Limits of capability gains from random guessing and ensembling

Determine the extent to which post-training by sampling random Gaussian weight perturbations around pretrained weights, selecting top-performing perturbations by validation score, and ensembling their predictions via majority vote (RandOpt) can improve performance beyond the pretrained base model on downstream tasks; characterize whether these gains saturate as model size and the perturbation population size increase.

Background

The paper shows that in sufficiently large, well-pretrained models, many task-improving parameter perturbations exist in the local neighborhood of the pretrained weights, a phenomenon termed the thicket regime. Leveraging this, a simple post-training procedure—sampling random perturbations and ensembling the best—often matches or exceeds more complex baselines across multiple tasks.
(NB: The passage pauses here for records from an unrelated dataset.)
lemma node_Suc:
  assumes "node M s i os us" and "i < nP M" and "u \<in> Us M i"
    and "(x, jo) \<in> set_pmf (cond_pmf s (cset os))"
  shows "node M s (Suc i) (take (Suc i) jo) (us @ [u])"
proof -
  have "(x, jo) \<in> set_pmf s"
    using assms(1) set_cond_pmf_cset(1)[OF _ assms(4)] by (simp add: node_def)
  moreover have "length jo = nP M" using set_cond_pmf_node(3)[OF assms(1,4)] .
  moreover have us: "length us = i - 1" "1 \<le> i" "\<forall>j<i - 1. us ! j \<in> Us M (Suc j)"
    using assms(1) by (auto simp: node_def)
  have "(us @ [u]) ! j \<in> Us M (Suc j)" if "j < i" for j
  proof (cases "j < i - 1")
    case False
    then have "Suc j = i" using us(2) that by linarith
    then show ?thesis using us(1) assms(3) by (auto simp: nth_append)
  qed (use us in \<open>simp add: nth_append\<close>)
  ultimately show ?thesis
    using assms(1,2) by (auto simp: node_def cset_def)
qed

lemma next_nocc_eq_map_nb:
  assumes "node M s i os us" and "nb s (nP M - i) os = BelN p"
  shows "next_nocc M s os us u = map_pmf (\<lambda>(h, b). (b, h, us @ [u])) p"
proof -
  have i: "length os = i" using assms(1) by (simp add: node_def)
  obtain k where k: "nP M - i = Suc k" using assms(2) by (cases "nP M - i") auto
  have p: "p = map_pmf (\<lambda>(x, jo). (jo ! i, nb s k (take (Suc i) jo))) (cond_pmf s (cset os))"
    using assms(2) k i by simp
  have "nocc M s (take (Suc i) jo) (us @ [u]) = (nb s k (take (Suc i) jo), jo ! i, us @ [u])"
    if "(x, jo) \<in> set_pmf (cond_pmf s (cset os))" for x jo
  proof -
    have "nP M - Suc i = k" and "i < nP M" using k by simp_all
    then show ?thesis
      using set_cond_pmf_node(3)[OF assms(1) that] by (simp add: nocc_def last_take_Suc)
  qed
  then have "next_nocc M s os us u =
      map_pmf (\<lambda>(x, jo). (nb s k (take (Suc i) jo), jo ! i, us @ [u])) (cond_pmf s (cset os))"
    unfolding next_nocc_def i by (intro map_pmf_cong) auto
  then show ?thesis by (simp add: p pmf.map_comp comp_def case_prod_unfold)
qed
However, the authors note that while empirical scaling curves suggest improvements, these curves appear to saturate with increasing model size and population size. The precise limits of how far random guessing and ensembling can push performance beyond the base model remain undetermined.

References

Our results leave open the question of exactly how far beyond the base model's abilities random guessing and ensembling can take us.

Neural Thickets: Diverse Task Experts Are Dense Around Pretrained Weights  (2603.12228 - Gan et al., 12 Mar 2026) in Limitations, paragraph "Capacity to Learn Dramatically New Skills?"